- [Work item]: Begin with the first line of the entries below and reproduce each line exactly, ending with the line that holds "using E(2) by auto".

--- Records supplied Enclosed Below ---

lemma emeasure_le_by_lines:
  fixes E :: "'a::euclidean_space set" and u :: 'a
  assumes E: "E \<in> sets borel" "E \<subseteq> ball c r" and r: "r > 0" and u: "norm u = 1"
    and lines: "\<And>x. outer_measure_le {t \<in> {-r..r}. x + t *\<^sub>R u \<in> E} B"
  shows "emeasure lborel E * ennreal (2 * r) \<le> ennreal B * emeasure lborel (ball c (2 * r))"
proof -
  have pair: "pair_sigma_finite (lborel::'a measure) (lborel::real measure)"
    by (simp add: pair_sigma_finite_def sigma_finite_lborel)
  have translate: "(\<integral>\<^sup>+x. indicator E (x + t *\<^sub>R u) \<partial>lborel) = emeasure lborel E" for t
  proof -
    have "(\<integral>\<^sup>+x. indicator E (t *\<^sub>R u + x) \<partial>lborel) = (\<integral>\<^sup>+y. indicator E y \<partial>distr lborel borel ((+) (t *\<^sub>R u)))"
      using E by (subst nn_integral_distr) auto
    then show ?thesis
      using E by (simp add: lborel_distr_plus add.commute)
  qed
  have line_integral: "(\<integral>\<^sup>+t. indicator E (x + t *\<^sub>R u) * indicator {-r..r} t \<partial>lborel)
      \<le> ennreal B * indicator (ball c (2 * r)) x" for x
  proof (cases "x \<in> ball c (2 * r)")
    case True
    obtain W where W: "W \<in> sets lborel" "{t \<in> {-r..r}. x + t *\<^sub>R u \<in> E} \<subseteq> W" "emeasure lborel W \<le> ennreal B"
      using lines[of x] unfolding outer_measure_le_def by blast
    have "(\<integral>\<^sup>+t. indicator E (x + t *\<^sub>R u) * indicator {-r..r} t \<partial>lborel) \<le> (\<integral>\<^sup>+t. indicator W t \<partial>lborel)"
      using W(2) by (intro nn_integral_mono) (auto simp: indicator_def)
    then show ?thesis
      using W True by simp
  next
    case False
    have "x + t *\<^sub>R u \<notin> E" if "t \<in> {-r..r}" for t
    proof
      assume "x + t *\<^sub>R u \<in> E"
      then have "dist c (x + t *\<^sub>R u) < r"
        using E(2) by auto
      moreover have "dist (x + t *\<^sub>R u) x \<le> r"
        using that u by (simp add: dist_norm abs_le_iff)
      ultimately show False
        using False dist_triangle[of c x "x + t *\<^sub>R u"] by simp
    qed
    then have "(\<lambda>t. indicator E (x + t *\<^sub>R u) * indicator {-r..r} t) = (\<lambda>_. 0 :: ennreal)"
      by (auto simp: indicator_def fun_eq_iff)
    then show ?thesis
      by simp
  qed
  have "emeasure lborel E * ennreal (2 * r) = (\<integral>\<^sup>+t. emeasure lborel E * indicator {-r..r} t \<partial>lborel)"
    using r by (subst nn_integral_cmult_indicator) auto
  also have "\<dots> = (\<integral>\<^sup>+t. (\<integral>\<^sup>+x. indicator E (x + t *\<^sub>R u) * indicator {-r..r} t \<partial>lborel) \<partial>lborel)"
    using E by (simp add: nn_integral_multc translate)
  also have "\<dots> = (\<integral>\<^sup>+x. (\<integral>\<^sup>+t. indicator E (x + t *\<^sub>R u) * indicator {-r..r} t \<partial>lborel) \<partial>lborel)"
    by (rule pair_sigma_finite.Fubini'[OF pair]) (use E in measurable)
  also have "\<dots> \<le> (\<integral>\<^sup>+x. ennreal B * indicator (ball c (2 * r)) x \<partial>lborel)"
    by (intro nn_integral_mono line_integral)
  also have "\<dots> = ennreal B * emeasure lborel (ball c (2 * r))"
    by (rule nn_integral_cmult_indicator) simp
  finally show ?thesis .
qed

lemma emeasure_lborel_ball_double:
  fixes c :: "'a::euclidean_space"
  assumes "r \<ge> 0"
  shows "emeasure lborel (ball c (2 * r)) = ennreal (2 ^ DIM('a)) * emeasure lborel (ball c r)"
  using emeasure_lebesgue_ball_conv_unit_ball[of "2 * r" c] emeasure_lebesgue_ball_conv_unit_ball[of r c] assms
  by (simp add: power_mult_distrib ennreal_mult mult.assoc)

lemma has_real_derivative_along_line_shift:
  fixes x u :: "'a::real_vector"
  assumes "((\<lambda>s. g (x + t *\<^sub>R u + s *\<^sub>R u)) has_real_derivative D) (at 0)"
  shows "((\<lambda>s. g (x + s *\<^sub>R u)) has_real_derivative D) (at t)"
proof -
  have "(\<lambda>s. g (x + (s + t) *\<^sub>R u)) = (\<lambda>s. g (x + t *\<^sub>R u + s *\<^sub>R u))"
    by (simp add: algebra_simps)
  then show ?thesis
    using assms DERIV_shift[of "\<lambda>s. g (x + s *\<^sub>R u)" D 0 t] by simp
qed

lemma near_int_steep_set_borel:
  fixes g g' :: "'a::euclidean_space \<Rightarrow> real"
  assumes "open S" "continuous_on S g" "continuous_on S g'"
  shows "{x \<in> S. dist_int (g x) < \<delta> \<and> T \<le> \<bar>g' x\<bar>} \<in> sets borel"
proof -
  have [measurable]: "S \<in> sets borel"
    using assms(1) by simp
  have [measurable]: "(\<lambda>x. indicator S x *\<^sub>R g x) \<in> borel_measurable borel"
    using assms(2) by (intro borel_measurable_continuous_on_indicator) simp
  have [measurable]: "(\<lambda>x. indicator S x *\<^sub>R g' x) \<in> borel_measurable borel"
    using assms(3) by (intro borel_measurable_continuous_on_indicator) simp
  have "{x \<in> S. dist_int (g x) < \<delta> \<and> T \<le> \<bar>g' x\<bar>}
      = S \<inter> {x. dist_int (indicator S x *\<^sub>R g x) < \<delta> \<and> T \<le> \<bar>indicator S x *\<^sub>R g' x\<bar>}"
    by (auto simp: indicator_def)
  also have "\<dots> \<in> sets borel"
    by measurable
  finally show ?thesis .
qed

lemma outer_measure_le_near_int_steep_line:
  fixes g g' g'' :: "'a::euclidean_space \<Rightarrow> real"
  assumes u: "norm u = 1" and r: "r > 0" and \<delta>: "\<delta> > 0" and K: "K > 0" and Kr: "1 \<le> 2 * r * sqrt K"
    and d1: "\<And>y. y \<in> ball c (2 * r) \<Longrightarrow> ((\<lambda>s. g (y + s *\<^sub>R u)) has_real_derivative g' y) (at 0)"
    and d2: "\<And>y. y \<in> ball c (2 * r) \<Longrightarrow> ((\<lambda>s. g' (y + s *\<^sub>R u)) has_real_derivative g'' y) (at 0)"
    and bound: "\<And>y. y \<in> ball c (2 * r) \<Longrightarrow> \<bar>g'' y\<bar> \<le> K"
  shows "outer_measure_le
           {t \<in> {-r..r}. x + t *\<^sub>R u \<in> {y \<in> ball c r. dist_int (g y) < \<delta> \<and> sqrt K \<le> \<bar>g' y\<bar>}}
           (312 * \<delta> * r)"
    (is "outer_measure_le ?S _")
proof -
  define h where "h = 1 / (2 * sqrt K)"
  have h: "0 < h" "h \<le> r"
    using K r Kr by (auto simp: h_def field_simps)
  have "outer_measure_le (?S \<inter> {t-h..t+h}) (104 * \<delta> * h)" if t: "t \<in> ?S" for t
  proof -
    have near: "x + s *\<^sub>R u \<in> ball c (2 * r)" if "s \<in> {t-h..t+h}" for s
    proof -
      have "dist (x + t *\<^sub>R u) (x + s *\<^sub>R u) \<le> h"
        using that u by (simp add: dist_norm abs_le_iff flip: scaleR_diff_left)
      then show ?thesis
        using t h dist_triangle[of c "x + s *\<^sub>R u" "x + t *\<^sub>R u"] by auto
    qed
    have der: "((\<lambda>s. g (x + s *\<^sub>R u)) has_real_derivative g' (x + s *\<^sub>R u)) (at s)"
      and der': "((\<lambda>s. g' (x + s *\<^sub>R u)) has_real_derivative g'' (x + s *\<^sub>R u)) (at s)"
      if "s \<in> {t-h..t+h}" for s
      using d1[OF near[OF that]] d2[OF near[OF that]] by (auto intro: has_real_derivative_along_line_shift)
    have lip: "\<bar>g' (x + s *\<^sub>R u) - g' (x + t *\<^sub>R u)\<bar> \<le> K * \<bar>s - t\<bar>" if "s \<in> {t-h..t+h}" for s
      using abs_diff_bounds_by_deriv[where lo = "t-h" and hi = "t+h" and m = 0 and M = K, OF der', of s t] bound[OF near] that h by auto
    have "outer_measure_le {s \<in> {t-h..t+h}. dist_int (g (x + s *\<^sub>R u)) < \<delta>} (104 * \<delta> * h)"
      by (rule outer_measure_le_near_int_local[OF K h_def \<delta> der lip]) (use t in auto)
    then show ?thesis
      by (elim outer_measure_le_mono) auto
  qed
  then have "outer_measure_le ?S (((r - - r) / h + 1) * (104 * \<delta> * h))"
    using h \<delta> by (intro outer_measure_le_local_to_global) auto
  moreover have "((r - - r) / h + 1) * (104 * \<delta> * h) \<le> 312 * \<delta> * r"
    using h \<delta> by (simp add: field_simps)
  ultimately show ?thesis
    by (elim outer_measure_le_mono) auto
qed

lemma emeasure_near_int_steep_direction:
  fixes g g' g'' :: "'a::euclidean_space \<Rightarrow> real"
  assumes u: "norm u = 1" and r: "r > 0" and \<delta>: "\<delta> > 0" and K: "K > 0" and Kr: "1 \<le> 2 * r * sqrt K"
    and cont: "continuous_on (ball c r) g" "continuous_on (ball c r) g'"
    and d1: "\<And>y. y \<in> ball c (2 * r) \<Longrightarrow> ((\<lambda>s. g (y + s *\<^sub>R u)) has_real_derivative g' y) (at 0)"
    and d2: "\<And>y. y \<in> ball c (2 * r) \<Longrightarrow> ((\<lambda>s. g' (y + s *\<^sub>R u)) has_real_derivative g'' y) (at 0)"
    and bound: "\<And>y. y \<in> ball c (2 * r) \<Longrightarrow> \<bar>g'' y\<bar> \<le> K"
  shows "emeasure lborel {y \<in> ball c r. dist_int (g y) < \<delta> \<and> sqrt K \<le> \<bar>g' y\<bar>}
           \<le> ennreal (156 * 2 ^ DIM('a) * \<delta>) * emeasure lborel (ball c r)"
    (is "emeasure lborel ?E \<le> _")
proof -
  have "emeasure lborel ?E * ennreal (2 * r) \<le> ennreal (312 * \<delta> * r) * emeasure lborel (ball c (2 * r))"
    by (rule emeasure_le_by_lines[OF near_int_steep_set_borel[OF open_ball cont] _ r u
          outer_measure_le_near_int_steep_line[OF u r \<delta> K Kr d1 d2 bound]]) auto
  then have "ennreal (2 * r) * emeasure lborel ?E \<le> ennreal (312 * \<delta> * r) * emeasure lborel (ball c (2 * r))"
    by (simp add: mult.commute)
  also have "\<dots> = ennreal (2 * r) * (ennreal (156 * 2 ^ DIM('a) * \<delta>) * emeasure lborel (ball c r))"
  proof -
    have "ennreal (312 * \<delta> * r) * ennreal (2 ^ DIM('a)) = ennreal (2 * r) * ennreal (156 * 2 ^ DIM('a) * \<delta>)"
      using r \<delta> by (simp add: ennreal_mult'[symmetric] algebra_simps)
    then show ?thesis
      using r by (simp add: emeasure_lborel_ball_double mult.assoc[symmetric])
  qed
  finally show ?thesis
    using r by (simp add: ennreal_mult_le_mult_iff)
qed

lemma emeasure_near_int_steep_gradient:
  fixes g :: "real^'d \<Rightarrow> real" and g' g'' :: "'d \<Rightarrow> real^'d \<Rightarrow> real"
  assumes r: "r > 0" and \<delta>: "\<delta> > 0" and K: "K > 0" and Kr: "1 \<le> 2 * r * sqrt K" and T: "sqrt K \<le> T"
    and cont: "continuous_on (ball c r) g" "\<And>j. continuous_on (ball c r) (g' j)"
    and d1: "\<And>j y. y \<in> ball c (2 * r) \<Longrightarrow> ((\<lambda>s. g (y + s *\<^sub>R axis j 1)) has_real_derivative g' j y) (at 0)"
    and d2: "\<And>j y. y \<in> ball c (2 * r) \<Longrightarrow> ((\<lambda>s. g' j (y + s *\<^sub>R axis j 1)) has_real_derivative g'' j y) (at 0)"
    and bound: "\<And>j y. y \<in> ball c (2 * r) \<Longrightarrow> \<bar>g'' j y\<bar> \<le> K"
  shows "emeasure lebesgue {y \<in> ball c r. dist_int (g y) < \<delta> \<and> T \<le> Max (range (\<lambda>j. \<bar>g' j y\<bar>))}
           \<le> ennreal (real CARD('d) * 156 * 2 ^ CARD('d) * \<delta>) * emeasure lebesgue (ball c r)"
proof -
  define E where "E j = {y \<in> ball c r. dist_int (g y) < \<delta> \<and> sqrt K \<le> \<bar>g' j y\<bar>}" for j
  have E_borel: "E j \<in> sets borel" for j
    unfolding E_def using cont by (intro near_int_steep_set_borel) auto
  have "{y \<in> ball c r. dist_int (g y) < \<delta> \<and> T \<le> Max (range (\<lambda>j. \<bar>g' j y\<bar>))} \<subseteq> (\<Union>j. E j)"
  proof clarify
    fix y assume "y \<in> ball c r" "dist_int (g y) < \<delta>" "T \<le> Max (range (\<lambda>j. \<bar>g' j y\<bar>))"
    moreover have "Max (range (\<lambda>j. \<bar>g' j y\<bar>)) \<in> range (\<lambda>j. \<bar>g' j y\<bar>)"
      by (rule Max_in) auto
    then obtain j where "Max (range (\<lambda>j. \<bar>g' j y\<bar>)) = \<bar>g' j y\<bar>"
      by blast
    ultimately have "y \<in> E j"
      using T unfolding E_def by auto
    then show "y \<in> (\<Union>j. E j)"
      by blast
  qed
  then have "emeasure lebesgue {y \<in> ball c r. dist_int (g y) < \<delta> \<and> T \<le> Max (range (\<lambda>j. \<bar>g' j y\<bar>))}
      \<le> emeasure lebesgue (\<Union>j. E j)"
    using E_borel by (intro emeasure_mono) auto
  also have "\<dots> = emeasure lborel (\<Union>j. E j)"
    using E_borel by simp
  also have "\<dots> \<le> (\<Sum>j\<in>UNIV. emeasure lborel (E j))"
    using E_borel by (intro emeasure_subadditive_finite) auto
  also have "\<dots> \<le> (\<Sum>j\<in>(UNIV::'d set). ennreal (156 * 2 ^ CARD('d) * \<delta>) * emeasure lborel (ball c r))"
  proof (intro sum_mono)
    fix j
    show "emeasure lborel (E j) \<le> ennreal (156 * 2 ^ CARD('d) * \<delta>) * emeasure lborel (ball c r)"
      using emeasure_near_int_steep_direction[OF norm_axis_1 r \<delta> K Kr cont(1) cont(2)[of j] d1[where j = j] d2[where j = j] bound[where j = j]]
      by (simp add: E_def)
  qed
  also have "\<dots> = ennreal (real CARD('d) * 156 * 2 ^ CARD('d) * \<delta>) * emeasure lebesgue (ball c r)"
    using \<delta> by (simp add: ennreal_of_nat_eq_real_of_nat ennreal_mult' mult.assoc)
  finally show ?thesis .
qed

--- End of Enclosed Records supplied ---

- [Reply to the task]:
lemma emeasure_le_by_lines:
  fixes E :: "'a::euclidean_space set" and u :: 'a
  assumes E: "E \<in> sets borel" "E \<subseteq> ball c r" and r: "r > 0" and u: "norm u = 1"
    and lines: "\<And>x. outer_measure_le {t \<in> {-r..r}. x + t *\<^sub>R u \<in> E} B"
  shows "emeasure lborel E * ennreal (2 * r) \<le> ennreal B * emeasure lborel (ball c (2 * r))"
proof -
  have pair: "pair_sigma_finite (lborel::'a measure) (lborel::real measure)"
    by (simp add: pair_sigma_finite_def sigma_finite_lborel)
  have translate: "(\<integral>\<^sup>+x. indicator E (x + t *\<^sub>R u) \<partial>lborel) = emeasure lborel E" for t
  proof -
    have "(\<integral>\<^sup>+x. indicator E (t *\<^sub>R u + x) \<partial>lborel) = (\<integral>\<^sup>+y. indicator E y \<partial>distr lborel borel ((+) (t *\<^sub>R u)))"
      using E by (subst nn_integral_distr) auto
    then show ?thesis
      using E by (simp add: lborel_distr_plus add.commute)
  qed
  have line_integral: "(\<integral>\<^sup>+t. indicator E (x + t *\<^sub>R u) * indicator {-r..r} t \<partial>lborel)
      \<le> ennreal B * indicator (ball c (2 * r)) x" for x
  proof (cases "x \<in> ball c (2 * r)")
    case True
    obtain W where W: "W \<in> sets lborel" "{t \<in> {-r..r}. x + t *\<^sub>R u \<in> E} \<subseteq> W" "emeasure lborel W \<le> ennreal B"
      using lines[of x] unfolding outer_measure_le_def by blast
    have "(\<integral>\<^sup>+t. indicator E (x + t *\<^sub>R u) * indicator {-r..r} t \<partial>lborel) \<le> (\<integral>\<^sup>+t. indicator W t \<partial>lborel)"
      using W(2) by (intro nn_integral_mono) (auto simp: indicator_def)
    then show ?thesis
      using W True by simp
  next
    case False
    have "x + t *\<^sub>R u \<notin> E" if "t \<in> {-r..r}" for t
    proof
      assume "x + t *\<^sub>R u \<in> E"
      then have "dist c (x + t *\<^sub>R u) < r"
        using E(2) by auto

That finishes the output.